Wilkommen zu unserem Blog

Hallo,

du befindest dich auf Esti und Dani's Blog.

Wir befinden uns von ende August bis anfangs November auf unserer Reise mit dem Campervan durch Neuseeland.

Verfolgt unsere Reise hier. Wir werden versuchen regelmässige Posts und aktuelle Bilder hier zu veröffentlichen.

Stay tuned...

Dienstag, 27. September 2011

Welcome to the south island

Wieder eine Woche um und kein Zwischenbericht.

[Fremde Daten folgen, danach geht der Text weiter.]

(* Let $\{\mu_t\}$ be a free convolution semigroup, let $p(x,t)$ be a martingale polynomial for $\{\mu_t\}$, and let $g(x,t)$ satisfy $\partial_xg(x,t)=p(x,t)$ (so $g(\cdot,t)$ is a polynomial). Let $\nu\in\mathcal M_0$. Then for all $s,t\ge0$, \[ \langle D_{\mu_s}C_t(\nu),\,g(\cdot,t+s)\rangle=\langle\nu,\,g(\cdot,s)\rangle . \]
   Context: $\mathcal M$ is the space of linear functionals on $\mathbb C[x]$ with the weak-$*$ topology (convergence of every moment $\langle\cdot,x^n\rangle$), $\mathcal M_1=\{\nu:\langle\nu,1\rangle=1\}$, $\mathcal M_0=\{\nu:\langle\nu,1\rangle=0\}$. For unital $\nu$: $G_\nu(z)=\sum\langle\nu,x^n\rangle z^{-(n+1)}$, $K_\nu$ its compositional inverse, $R_\nu=K_\nu-\frac1z$; free convolution $\boxplus$ on $\mathcal M_1$ is defined by $R_{\mu\boxplus\nu}=R_\mu+R_\nu$. $\mu$ is a freely infinitely divisible probability measure with all moments finite and $\{\mu_t\}$ the free convolution semigroup with $\mu_1=\mu$, $R_{\mu_t}=tR_\mu$. $C_t:\mathcal M_1\to\mathcal M_1$ is $C_t(\tau)=\mu_t\boxplus\tau$, and for $\tau\in\mathcal M_1,\nu\in\mathcal M_0$, $D_\tau C_t(\nu)=\lim_{\varepsilon\to0}\frac1\varepsilon(C_t(\tau+\varepsilon\nu)-C_t(\tau))\in\mathcal M_0$ (Gâteaux derivative in the weak-$*$ topology). Martingale polynomial: $p(x,t)$ polynomial in $x$ with $\mathcal K_{s,t}(p(\cdot,t))=p(\cdot,s)$ for $s<t$, where $\mathcal K_{s,t}$ is the linear operator on $\mathbb C[x]$ determined coefficientwise (as formal series in $z^{-1}$) by $\mathcal K_{s,t}(\mathrm{Res}_z)=\mathrm{Res}_{F_{s,t}(z)}$, $\mathrm{Res}_z(x)=\frac1{z-x}$, $F_{s,t}=K_{\mu_s}\circ G_{\mu_t}$. *)

theory Defs
  imports "HOL-Probability.Probability" "HOL-Computational_Algebra.Polynomial"
    "HOL-Computational_Algebra.Formal_Power_Series"
begin

text \<open>A linear functional on C[x] is identified with its moment sequence
  n \<mapsto> <nu, x^n>.\<close>
type_synonym functional = "nat \<Rightarrow> complex"

definition unital :: "functional \<Rightarrow> bool" where
  "unital m \<longleftrightarrow> m 0 = 1"

definition centered :: "functional \<Rightarrow> bool" where
  "centered m \<longleftrightarrow> m 0 = 0"

definition pair :: "functional \<Rightarrow> complex poly \<Rightarrow> complex" where
  "pair m q = (\<Sum>n\<le>degree q. coeff q n * m n)"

Naja, wir haben ja auch Ferien ;-)

Ich fange am besten nahtlos an den letzten Post an, damit ihr nicht den Faden verliert!

Nachdem wir uns von der Höhlentour mit einem frischen Pint und einem spannenden Spiel im Pub erholt haben, sind wir am letzten Mittwoch mit einigen Umwegen nach New Plymouth gefahren. Auf dem Weg dorthin machten wir in Mokau einen halt um uns den schwarzen Sand am Black Beach anzuschauen. Weiter auf unserem Weg hielten wir ein paar Km südlich um die Three Sisters vor die Linse zu bekommen. Da wir uns leider nicht über Ebbe und Flut informiert haben, kamen wir dann leider zu spät. Auch die White Cliffs konnten wir dank dem Wasser nicht von nahem betrachten. Zur Entschädigung für die missglückten Sehenswürdigkeiten konnten wir am Abend unseren Van an den, bis zu diesem Zeitpunkt, Platz mit der besten Aussicht in New Plymouth abstellen. Hinten das Meer und vorne der Mount Taranaki, was will man mehr. Mit einem Spaziergang an der Promenade von New Plymouth schlossen wir dann diesen Abend ab.

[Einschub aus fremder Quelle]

lemma D2_linear2: "linear (\<lambda>a. D2 x h a)"
  using D2 has_derivative_bounded_linear bounded_linear.linear by blast

lemma D2_linear1: "linear (\<lambda>a. D2 x a h)"
  by (rule has_derivative_linear_in_parameter[where \<Phi>="\<lambda>a y. gradf y \<bullet> a"])
     (use D2 in \<open>auto intro: bounded_linear.linear[OF bounded_linear_inner_right]\<close>)

lemma D3_linear3: "linear (\<lambda>a. D3 x h1 h2 a)"
  using D3 has_derivative_bounded_linear bounded_linear.linear by blast

lemma D3_linear1: "linear (\<lambda>a. D3 x a h2 h)"
  by (rule has_derivative_linear_in_parameter[where \<Phi>="\<lambda>a y. D2 y a h2"]) (use D3 D2_linear1 in auto)

lemma D3_linear2: "linear (\<lambda>a. D3 x h1 a h)"
  by (rule has_derivative_linear_in_parameter[where \<Phi>="\<lambda>a y. D2 y h1 a"]) (use D3 D2_linear2 in auto)

lemma D3_diff_le:
  assumes h: "norm h \<le> 1"
  shows "D3 y h w w - D3 x h w w \<le> L3 * norm (y - x) * (norm w)\<^sup>2"
proof (cases "w = 0")
  case True
  then show ?thesis using D3_linear3[of x h 0] D3_linear3[of y h 0] by (simp add: linear_0)
next
  case False
  define u where "u = w /\<^sub>R norm w"
  have nu: "norm u \<le> 1" using False by (simp add: u_def)
  have scale: "D3 z h w w = (norm w)\<^sup>2 * D3 z h u u" for z
  proof -
    have "w = norm w *\<^sub>R u" using False by (simp add: u_def)
    then have "D3 z h w w = D3 z h (norm w *\<^sub>R u) (norm w *\<^sub>R u)" by simp
    also have "\<dots> = norm w * (norm w * D3 z h u u)"
      using linear_scale[OF D3_linear2[of z h "norm w *\<^sub>R u"], of "norm w" u]
            linear_scale[OF D3_linear3[of z h u], of "norm w" u] by simp
    finally show ?thesis by (simp add: power2_eq_square)
  qed
  have "D3 y h u u - D3 x h u u \<le> tnorm3 (\<lambda>h1 h2 h3. D3 y h1 h2 h3 - D3 x h1 h2 h3)"
    by (rule tnorm3_upper[where T="\<lambda>h1 h2 h3. D3 y h1 h2 h3 - D3 x h1 h2 h3"])
       (auto intro!: linear_compose_sub D3_linear1 D3_linear2 D3_linear3 simp: h nu)
  also have "\<dots> \<le> L3 * norm (y - x)" using D3_lip by blast
  finally have "(norm w)\<^sup>2 * (D3 y h u u - D3 x h u u) \<le> (norm w)\<^sup>2 * (L3 * norm (y - x))"
    by (intro mult_left_mono) auto
  then show ?thesis by (simp add: scale algebra_simps)
qed

lemma gradient_taylor2_abs_le:
  assumes h: "norm h \<le> 1"
  shows "\<bar>gradf (y + w) \<bullet> h - gradf y \<bullet> h - D2 y h w - D3 y h w w / 2\<bar> \<le> L3 * (norm w) ^ 3 / 6"
proof -
  have "\<bar>(\<lambda>t. gradf (y + t *\<^sub>R w) \<bullet> h) 1 - (\<lambda>t. gradf (y + t *\<^sub>R w) \<bullet> h) 0
        - (\<lambda>t. D2 (y + t *\<^sub>R w) h w) 0 - (\<lambda>t. D3 (y + t *\<^sub>R w) h w w) 0 / 2\<bar>
        \<le> (L3 * (norm w) ^ 3) / 6"
  proof (rule taylor2_remainder_abs_le)
    show "((\<lambda>t. gradf (y + t *\<^sub>R w) \<bullet> h) has_real_derivative D2 (y + t *\<^sub>R w) h w) (at t)" for t
      by (rule has_real_derivative_along_line[where F'="\<lambda>z v. D2 z h v"]) (use D2 in blast)
    show "((\<lambda>t. D2 (y + t *\<^sub>R w) h w) has_real_derivative D3 (y + t *\<^sub>R w) h w w) (at t)" for t
      by (rule has_real_derivative_along_line[where F'="\<lambda>z v. D3 z h w v"]) (use D3 in blast)
    fix t :: real assume t: "0 \<le> t" "t \<le> 1"
    have "D3 (y + t *\<^sub>R w) h w w - D3 y h w w \<le> L3 * norm w ^ 3 * t"
      and "D3 y h w w - D3 (y + t *\<^sub>R w) h w w \<le> L3 * norm w ^ 3 * t"
      using D3_diff_le[OF h, of "y + t *\<^sub>R w" w y] D3_diff_le[OF h, of y w "y + t *\<^sub>R w"] t
      by (simp_all add: norm_minus_commute power2_eq_square power3_eq_cube algebra_simps)
    then show "\<bar>D3 (y + t *\<^sub>R w) h w w - D3 (y + 0 *\<^sub>R w) h w w\<bar> \<le> L3 * norm w ^ 3 * t"
      by (simp add: abs_le_iff)
  qed
  then show ?thesis by simp
qed

lemma gradient_taylor2_scaled_abs_le:
  assumes h: "norm h \<le> 1"
  shows "\<bar>gradf (y + c *\<^sub>R d) \<bullet> h - gradf y \<bullet> h - c * D2 y h d - c\<^sup>2 * D3 y h d d / 2\<bar>
    \<le> L3 * norm d ^ 3 / 6 * \<bar>c\<bar> ^ 3"
proof -
  have "D2 y h (c *\<^sub>R d) = c * D2 y h d"
    using linear_scale[OF D2_linear2[of y h], of c d] by simp
  moreover have "D3 y h (c *\<^sub>R d) (c *\<^sub>R d) = c\<^sup>2 * D3 y h d d"
    using linear_scale[OF D3_linear2[of y h "c *\<^sub>R d"], of c d] linear_scale[OF D3_linear3[of y h d], of c d]
    by (simp add: power2_eq_square)
  ultimately show ?thesis
    using gradient_taylor2_abs_le[OF h, of y "c *\<^sub>R d"] by (simp add: power_mult_distrib mult_ac)
qed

Neuer Tag, neues Pech. Wir haben unser Weg eigentlich so gewählt, weil wir den Mount Taranaki in seiner vollen Pracht sehen wollten. Leider war der Donnerstag aber um den Mount so bewölkt, dass wir ihn nicht von nahem betrachten konnten. Da das Wetter sonst aber relativ gut war, entschlossen wir uns in Stradford den empfohlenen Stadtrundgang zu machen, auch das etwas, was nicht weiter zu empfehlen ist... Zum Glück kam es dann auch an diesem Tag noch besser und wir verbrachten den frühen Nachmittag im Freiluftmuseum von Stradford. In mühevoller Arbeit wurden dort alte neuseeländische Häuser und Einrichtungen von diversen Orten wieder aufgebaut und restauriert. Viele Details verleihen diesem Ort einen gewissen Charme. Da wir uns für das Spiel am Sonntag in Wellington ein wenig sputen mussten, fuhren wir danach noch weiter gegen Süden. Da in unserem Campingführer keine Empfehlung für dieses Gebiet vorhanden war, suchten wir uns einfach selber ein schönes Plätzchen, was uns dann an den wirklich traumhaftesten Ort führte, an dem wir bis anhin übernachten durften. Patea Beach, ein Traum!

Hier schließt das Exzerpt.